In 1992, HoS producer Stephen Hill contacted Reaves to tell him about fans of HoS who still wrote to him wanting copies of Wunjo, which were unavailable because of MCA's original limited distribution. With the expiration of the MCA contract, Reaves had another album of unpublished music that interested Hill. Reaves signed with Hill's Hearts of Space Records for the release of Sea of Glass, which remained on the new age charts for four months.
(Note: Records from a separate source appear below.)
lemma h_tr_stable:
  assumes "N \<le> M"
  shows "wt_cong (int N) (h_tr n k M) (h_tr n k N)"
proof -
  let ?C = "x_monomial n (\<lambda>_. - k) * vandermonde n"
  have wt_C: "wt_ge 0 ?C"
    by (intro wt_ge_mult_nonneg wt_ge_x_monomial wt_ge_vandermonde)
  have "wt_cong (int N) (\<Prod>p\<in>off_diagonal n. pair_factor M p) (\<Prod>p\<in>off_diagonal n. pair_factor N p)"
    by (intro wt_cong_prod finite_off_diagonal pair_factor_stable wt_ge_pair_factor assms) simp
  then have pairs: "wt_cong (int N) (?C * (\<Prod>p\<in>off_diagonal n. pair_factor M p))
                                    (?C * (\<Prod>p\<in>off_diagonal n. pair_factor N p))"
    using wt_cong_mult_left[OF wt_C] by fastforce
  have ys: "wt_cong (int N) (\<Prod>i\<in>{1..n}. y_factor M i) (\<Prod>i\<in>{1..n}. y_factor N i)"
    by (intro wt_cong_prod y_factor_stable wt_ge_y_factor assms) simp_all
  have "wt_ge 0 (?C * (\<Prod>p\<in>off_diagonal n. pair_factor N p))"
    by (intro wt_ge_mult_nonneg wt_C wt_ge_prod wt_ge_pair_factor)
  then show ?thesis
    unfolding h_tr_factors
    by (intro wt_cong_mult[OF pairs ys]) (simp_all add: wt_ge_prod wt_ge_y_factor)
qed

lemma h_eq_h_tr:
  assumes "wt \<nu> < int N"
  shows "h n k \<nu> = Poly_Mapping.lookup (h_tr n k N) \<nu>"
proof -
  let ?c = "Poly_Mapping.lookup (h_tr n k N) \<nu>"
  have stable: "eventually (\<lambda>M. Poly_Mapping.lookup (h_tr n k M) \<nu> = ?c) sequentially"
    unfolding eventually_sequentially
    using wt_cong_lookup[OF h_tr_stable assms] by blast
  show ?thesis
    unfolding h_def
  proof (rule the_equality)
    show "eventually (\<lambda>M. Poly_Mapping.lookup (h_tr n k M) \<nu> = ?c) sequentially"
      by (rule stable)
  next
    fix c
    assume "eventually (\<lambda>M. Poly_Mapping.lookup (h_tr n k M) \<nu> = c) sequentially"
    with stable have "eventually (\<lambda>M. c = ?c) sequentially"
      by eventually_elim simp
    then show "c = ?c"
      by simp
  qed
qed

lemma eventually_h_eq_h_tr:
  assumes "finite A"
  shows "eventually (\<lambda>N. \<forall>\<nu>\<in>A. h n k \<nu> = Poly_Mapping.lookup (h_tr n k N) \<nu>) sequentially"
proof (rule eventually_ball_finite[OF assms], rule ballI)
  fix \<nu>
  show "eventually (\<lambda>N. h n k \<nu> = Poly_Mapping.lookup (h_tr n k N) \<nu>) sequentially"
    using eventually_ge_at_top[of "nat (wt \<nu>) + 1"]
    by eventually_elim (simp add: h_eq_h_tr)
qed


section \<open>The q-difference equation of h\<close>

text \<open>\<open>remap (qshift l)\<close> substitutes q x_l for x_l (recall that T stands for q^1/2).\<close>

definition qshift :: "nat \<Rightarrow> mono \<Rightarrow> mono" where
  "qshift l \<nu> = \<nu> + Poly_Mapping.single T (2 * Poly_Mapping.lookup \<nu> (X l))"

definition qshift_inv :: "nat \<Rightarrow> mono \<Rightarrow> mono" where
  "qshift_inv l \<nu> = \<nu> - Poly_Mapping.single T (2 * Poly_Mapping.lookup \<nu> (X l))"

interpretation qshift: mono_additive "qshift l"
  by standard (simp add: qshift_def lookup_add single_add algebra_simps)

lemma qshift_inv_qshift [simp]: "qshift_inv l (qshift l \<nu>) = \<nu>"
  by (simp add: qshift_def qshift_inv_def lookup_add lookup_single)

lemma qshift_qshift_inv [simp]: "qshift l (qshift_inv l \<nu>) = \<nu>"
  by (simp add: qshift_def qshift_inv_def lookup_minus lookup_single)

lemma qshift_inv_diff: "qshift_inv l (a - b) = qshift_inv l a - qshift_inv l b"
  by (simp add: qshift_inv_def lookup_minus single_diff algebra_simps)

lemma remap_qshift_vpow:
  "remap (qshift l) (vpow v e) = (if v = X l then vpow (X l) e * vpow T (2 * e) else vpow v e)"
  by (cases v) (auto simp: vpow_def remap_mon qshift_def mon_mult lookup_single)

lemma remap_qshift_poch_tr: "remap (qshift l) (poch_tr N c) = poch_tr N (remap (qshift l) c)"
  by (simp add: poch_tr_def qshift.remap_prod qshift.remap_mult remap_diff qshift.remap_one
      qshift.remap_power remap_qshift_vpow)

lemma remap_qshift_ipoch_tr: "remap (qshift l) (ipoch_tr N c) = ipoch_tr N (remap (qshift l) c)"
  by (simp add: ipoch_tr_def qshift.remap_prod qshift.remap_mult qshift.remap_sum
      qshift.remap_power remap_qshift_vpow)

lemma remap_qshift_x_monomial:
  assumes "l \<in> {1..n}"
  shows "remap (qshift l) (x_monomial n e) = x_monomial n e * vpow T (2 * e l)"
proof -
  have "remap (qshift l) (x_monomial n e)
      = (\<Prod>i\<in>{1..n}. vpow (X i) (e i) * (if i = l then vpow T (2 * e l) else 1))"
    unfolding qshift.remap_prod by (rule prod.cong) (auto simp: remap_qshift_vpow)
  then show ?thesis
    using assms by (simp add: prod.distrib)
qed

text \<open>The coefficient of a monomial free of x_l is unchanged when x_l \<mapsto> q x_l is applied to both
  factors; \<open>\<lambda>\<nu>. F (qshift_inv l \<nu>)\<close> is the substituted series.\<close>

lemma lmul_qshift:
  assumes "Poly_Mapping.lookup \<mu> (X l) = 0"
  shows "lmul G F \<mu> = lmul (remap (qshift l) G) (\<lambda>\<nu>. F (qshift_inv l \<nu>)) \<mu>"
proof -
  have "qshift_inv l \<mu> = \<mu>"
    using assms by (simp add: qshift_inv_def)
  moreover have "lmul (remap (qshift l) G) (\<lambda>\<nu>. F (qshift_inv l \<nu>)) \<mu>
      = (\<Sum>\<nu>\<in>Poly_Mapping.keys G. Poly_Mapping.lookup G \<nu> * F (qshift_inv l (\<mu> - qshift l \<nu>)))"
    by (rule lmul_remap[where g = "qshift_inv l"]) simp_all
  ultimately show ?thesis
    by (simp add: lmul_def qshift_inv_diff)
qed

definition incident_factor ::
    "nat \<Rightarrow> (nat \<Rightarrow> lpoly) \<Rightarrow> (nat \<Rightarrow> lpoly) \<Rightarrow> nat \<times> nat \<Rightarrow> lpoly" where
  "incident_factor l f g p = (if fst p = l then f (snd p) else if snd p = l then g (fst p) else 1)"

lemma wt_ge_incident_factor:
  "(\<And>j. wt_ge 0 (f j)) \<Longrightarrow> (\<And>i. wt_ge 0 (g i)) \<Longrightarrow> wt_ge 0 (incident_factor l f g p)"
  by (simp add: incident_factor_def wt_ge_one)

lemma prod_incident_factor:
  assumes "finite S" "(l, l) \<notin> S"
  shows "(\<Prod>p\<in>S. incident_factor l f g p)
       = (\<Prod>j\<in>{j. (l, j) \<in> S}. f j) * (\<Prod>i\<in>{i. (i, l) \<in> S}. g i)"
proof -
  have "(\<Prod>p\<in>S. incident_factor l f g p)
      = (\<Prod>p\<in>S. (if fst p = l then f (snd p) else 1) * (if snd p = l then g (fst p) else 1))"
    using assms(2) by (intro prod.cong) (auto simp: incident_factor_def)
  also have "\<dots> = (\<Prod>p\<in>{p\<in>S. fst p = l}. f (snd p)) * (\<Prod>p\<in>{p\<in>S. snd p = l}. g (fst p))"
    by (simp add: prod.distrib prod.inter_filter assms(1))
  also have "{p\<in>S. fst p = l} = Pair l ` {j. (l, j) \<in> S}"
    by force
  also have "{p\<in>S. snd p = l} = (\<lambda>i. (i, l)) ` {i. (i, l) \<in> S}"
    by force
  finally show ?thesis
    by (simp add: prod.reindex inj_on_def)
qed

lemma prod_off_diagonal_incident_factor:
  assumes "l \<in> {1..n}"
  shows "(\<Prod>p\<in>off_diagonal n. incident_factor l f g p)
       = (\<Prod>j\<in>{1..n} - {l}. f j) * (\<Prod>i\<in>{1..n} - {l}. g i)"
proof -
  have "(\<Prod>p\<in>off_diagonal n. incident_factor l f g p)
      = (\<Prod>j\<in>{j. (l, j) \<in> off_diagonal n}. f j) * (\<Prod>i\<in>{i. (i, l) \<in> off_diagonal n}. g i)"
    by (rule prod_incident_factor[OF finite_off_diagonal]) simp
  also have "{j. (l, j) \<in> off_diagonal n} = {1..n} - {l}"
    using assms by auto
  also have "{i. (i, l) \<in> off_diagonal n} = {1..n} - {l}"
    using assms by auto
  finally show ?thesis .
qed

lemma prod_increasing_pairs_incident_factor:
  assumes "l \<in> {1..n}"
  shows "(\<Prod>p\<in>increasing_pairs n. incident_factor l f f p) = (\<Prod>j\<in>{1..n} - {l}. f j)"
proof -
  have "(\<Prod>p\<in>increasing_pairs n. incident_factor l f f p)
      = (\<Prod>j\<in>{j. (l, j) \<in> increasing_pairs n}. f j) * (\<Prod>i\<in>{i. (i, l) \<in> increasing_pairs n}. f i)"
    by (rule prod_incident_factor[OF finite_increasing_pairs]) simp
  also have "{j. (l, j) \<in> increasing_pairs n} = {l<..n}"
    using assms by auto
  also have "{i. (i, l) \<in> increasing_pairs n} = {1..<l}"
    using assms by auto
  also have "(\<Prod>j\<in>{l<..n}. f j) * (\<Prod>i\<in>{1..<l}. f i) = (\<Prod>j\<in>{1..<l} \<union> {l<..n}. f j)"
    by (subst prod.union_disjoint) (auto simp: mult.commute)
  also have "{1..<l} \<union> {l<..n} = {1..n} - {l}"
    using assms by auto
  finally show ?thesis .
qed

abbreviation qinv :: lpoly where "qinv \<equiv> vpow T (-2)"

lemma pair_factor_qshift_cong_left:
  assumes "1 \<le> N" "j \<noteq> l"
  shows "wt_cong (int N) (remap (qshift l) (pair_factor N (l, j)) * (1 - qv * xx l * xinv j))
                         (pair_factor N (l, j) * (1 - zv * xx l * xinv j))"
proof -
  define a where "a = qv * xx l * xinv j"
  define b where "b = zv * xx l * xinv j"
  have "remap (qshift l) a = qv * a" "remap (qshift l) b = qv * b"
    using assms(2) by (simp_all add: a_def b_def qshift.remap_mult remap_qshift_vpow ac_simps)
  moreover have F: "pair_factor N (l, j) = poch_tr N a * ipoch_tr N b"
    by (simp add: pair_factor_def a_def b_def)
  ultimately have shifted: "remap (qshift l) (pair_factor N (l, j)) = poch_tr N (qv * a) * ipoch_tr N (qv * b)"
    by (simp add: qshift.remap_mult remap_qshift_poch_tr remap_qshift_ipoch_tr)
  have "wt_cong (int N) ((1 - a) * poch_tr N (qv * a) * ipoch_tr N (qv * b))
                        ((1 - b) * poch_tr N a * ipoch_tr N b)"
    by (rule poch_ratio_shift_cong[OF _ _ assms(1)]) (simp_all add: a_def b_def wt_ge_monomial_simps)
  then show ?thesis
    unfolding shifted unfolding F by (simp add: a_def b_def ac_simps)
qed
(* Let $m,n,k\in\mathbb{N}$, let $\varepsilon\geq 0$, and let $\mathbf{X}$ be a random matrix in $\mathbb{R}^{m\times n}$ with arbitrary distribution (continuous, discrete, discrete-continuous mixture, or singular). Let $\mathcal{S}\subseteq\mathbb{R}^{m\times n}$ be an $\varepsilon$-support set of $\mathbf{X}$ and suppose $k>\underline{\dim}_\mathrm{B}(\mathcal{S})$. Then for Lebesgue almost all $(\mathbf{A}_1,\dots,\mathbf{A}_k)\in(\mathbb{R}^{m\times n})^k$ there exists a measurable map (decoder) $g:\mathbb{R}^k\to\mathbb{R}^{m\times n}$ such that $$\Pr\Big[g\big((\langle \mathbf{A}_1,\mathbf{X}\rangle,\dots,\langle \mathbf{A}_k,\mathbf{X}\rangle)^{T}\big)\neq \mathbf{X}\Big]\leq\varepsilon.$$
   Context: For $\mathbf{A},\mathbf{B}\in\mathbb{R}^{m\times n}$, $\langle \mathbf{A},\mathbf{B}\rangle=\operatorname{tr}(\mathbf{A}^T\mathbf{B})$ and $\|\mathbf{A}\|_2=\sqrt{\langle\mathbf{A},\mathbf{A}\rangle}$. For $\varepsilon\ge 0$, a nonempty bounded set $\mathcal{S}\subseteq\mathbb{R}^{m\times n}$ is called an $\varepsilon$-support set of the random matrix $\mathbf{X}$ if $\Pr[\mathbf{X}\in\mathcal{S}]\geq 1-\varepsilon$. For a nonempty bounded set $\mathcal{S}\subseteq\mathbb{R}^{m\times n}$, let $N_\mathcal{S}(\rho)$ be the minimal number of open $\|\cdot\|_2$-balls of radius $\rho$ (with centers in $\mathbb{R}^{m\times n}$) needed to cover $\mathcal{S}$; the lower Minkowski dimension is $\underline{\dim}_\mathrm{B}(\mathcal{S})=\liminf_{\rho\to0}\frac{\log N_\mathcal{S}(\rho)}{\log(1/\rho)}$. *)

theory Defs
  imports "HOL-Probability.Probability"
begin

text \<open>Matrices in R^(m x n) are rendered as real^'n^'m. The library inner product on this
type is the Frobenius inner product tr(A^T B) = sum_i sum_j A_ij B_ij, and norm is the
Frobenius norm.\<close>

definition covering_number :: "'a::metric_space set \<Rightarrow> real \<Rightarrow> nat" where
  "covering_number S \<rho> =
     (LEAST N. \<exists>C. finite C \<and> card C = N \<and> S \<subseteq> (\<Union>c\<in>C. ball c \<rho>))"

definition lower_box_dim :: "'a::metric_space set \<Rightarrow> ereal" where
  "lower_box_dim S =
     Liminf (at_right 0) (\<lambda>\<rho>. ereal (ln (real (covering_number S \<rho>)) / ln (1 / \<rho>)))"

definition eps_support_set :: "'w measure \<Rightarrow> ('w \<Rightarrow> 'a::metric_space) \<Rightarrow> 'a set \<Rightarrow> real \<Rightarrow> bool" where
  "eps_support_set M X S \<epsilon> \<longleftrightarrow>
     S \<noteq> {} \<and> bounded S \<and> measure M {\<omega> \<in> space M. X \<omega> \<in> S} \<ge> 1 - \<epsilon>"

end

theory Submission
  imports Defs
begin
Music journalist Bert Strolenberg wrote about Sea of Glass in 2007, "This classic space music recording by Nashville-based synthesist Giles Reaves is one of those milestones that can stand the test of time for decades, as it still sounds fresh and inspiring after all these years."

Later in the 1990s, Reaves joined the improvisational space music group Spacecraft, described by Star's End radio as "one of the leading voices in the spacemusic community".
Reaves also appeared on Tony Gerber's Blue Western Sky on the Lektronic Soundscapes label.

In 2001, Kaleida Visions was released by the Space for Music team. SFM included Reaves as an original member along with Kirby Shelstad, with whom he also collaborated in live performances and on recordings.

In 2002, with Spacecraft and also as a solo artist, he performed at the Nashville Space for Music Festival, along with other noted Nashville artists including Aashid Himons & Future Man from Bela Fleck & the Flecktones, Robert Rich, the West Tennessee ensemble Zero Ohms, and others. The space music festival had been founded by fellow Spacecraft band-member Tony Gerber in 1986.

Reaves also creates 3D renderings that have been used for CD cover artwork.

Beyond space music, Reaves has another career as an engineer and co-producer for the Nashville rock music scene, including work with Dessau (band) and Grinning Plowmen. He also collaborated with Afrikan Dreamland, Bedlam, Lisa Germano, Jaime Kyle, Tom Littlefield, Bill Lloyd, and Lounge Flounders.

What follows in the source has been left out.